(* Let $p\ge 1$ and let $G=(V,E)$ be a $p$-regular graph with a Hamiltonian cycle $(v_0,v_1,\dots,v_{n-1},v_0)$, $n=|V|\ge 3$. Let $G^*$ be the graph with vertex set $\{v_0,\dots,v_{n-1}\}\cup\{v_0',\dots,v_{n-1}'\}$ (the $v_i'$ new vertices) and edge set $E\cup\{\{v_i',v_j'\}\mid \{v_i,v_j\}\in E\}\cup\{\{v_i,v'_{(i+1)\bmod n}\}\mid i\in\{0,\dots,n-1\}\}$. Then $G^*$ is $(p+1)$-regular, $(v_{n-1},v_0',v_{n-1}',v_{n-2}',\dots,v_1',v_0,v_1,\dots,v_{n-2},v_{n-1})$ is a Hamiltonian cycle of $G^*$, and $G^*$ is 3-colorable if and only if $G$ is 3-colorable.
   Context: A graph $G=(V,E)$ is 3-colorable if there is a function $f\colon V\to\{1,2,3\}$ with $f(v)\neq f(w)$ for every edge $\{v,w\}\in E$. A graph is $k$-regular if every vertex has degree exactly $k$. A Hamiltonian cycle visits every vertex exactly once; the tuple $(u_0,\dots,u_{m-1},u_0)$ denotes the cycle with edges $\{u_i,u_{i+1 \bmod m}\}$. *)

theory Defs
  imports Main
begin

definition simple_graph :: "'a set \<Rightarrow> 'a set set \<Rightarrow> bool" where
  "simple_graph V E \<longleftrightarrow> finite V \<and>
     (\<forall>e\<in>E. \<exists>v w. e = {v, w} \<and> v \<noteq> w \<and> v \<in> V \<and> w \<in> V)"

definition degree :: "'a set set \<Rightarrow> 'a \<Rightarrow> nat" where
  "degree E v = card {e \<in> E. v \<in> e}"

definition regular :: "'a set \<Rightarrow> 'a set set \<Rightarrow> nat \<Rightarrow> bool" where
  "regular V E k \<longleftrightarrow> (\<forall>v\<in>V. degree E v = k)"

**WHAT YOU NEED TO DO**
Word for word, write out the entire listing once more.

**SOLVED EXERCISE**
(* Let $p\ge 1$ and let $G=(V,E)$ be a $p$-regular graph with a Hamiltonian cycle $(v_0,v_1,\dots,v_{n-1},v_0)$, $n=|V|\ge 3$. Let $G^*$ be the graph with vertex set $\{v_0,\dots,v_{n-1}\}\cup\{v_0',\dots,v_{n-1}'\}$ (the $v_i'$ new vertices) and edge set $E\cup\{\{v_i',v_j'\}\mid \{v_i,v_j\}\in E\}\cup\{\{v_i,v'_{(i+1)\bmod n}\}\mid i\in\{0,\dots,n-1\}\}$. Then $G^*$ is $(p+1)$-regular, $(v_{n-1},v_0',v_{n-1}',v_{n-2}',\dots,v_1',v_0,v_1,\dots,v_{n-2},v_{n-1})$ is a Hamiltonian cycle of $G^*$, and $G^*$ is 3-colorable if and only if $G$ is 3-colorable.
   Context: A graph $G=(V,E)$ is 3-colorable if there is a function $f\colon V\to\{1,2,3\}$ with $f(v)\neq f(w)$ for every edge $\{v,w\}\in E$. A graph is $k$-regular if every vertex has degree exactly $k$. A Hamiltonian cycle visits every vertex exactly once; the tuple $(u_0,\dots,u_{m-1},u_0)$ denotes the cycle with edges $\{u_i,u_{i+1 \bmod m}\}$. *)

theory Defs
  imports Main
begin

definition simple_graph :: "'a set \<Rightarrow> 'a set set \<Rightarrow> bool" where
  "simple_graph V E \<longleftrightarrow> finite V \<and>
     (\<forall>e\<in>E. \<exists>v w. e = {v, w} \<and> v \<noteq> w \<and> v \<in> V \<and> w \<in> V)"

definition degree :: "'a set set \<Rightarrow> 'a \<Rightarrow> nat" where
  "degree E v = card {e \<in> E. v \<in> e}"

definition regular :: "'a set \<Rightarrow> 'a set set \<Rightarrow> nat \<Rightarrow> bool" where
  "regular V E k \<longleftrightarrow> (\<forall>v\<in>V. degree E v = k)"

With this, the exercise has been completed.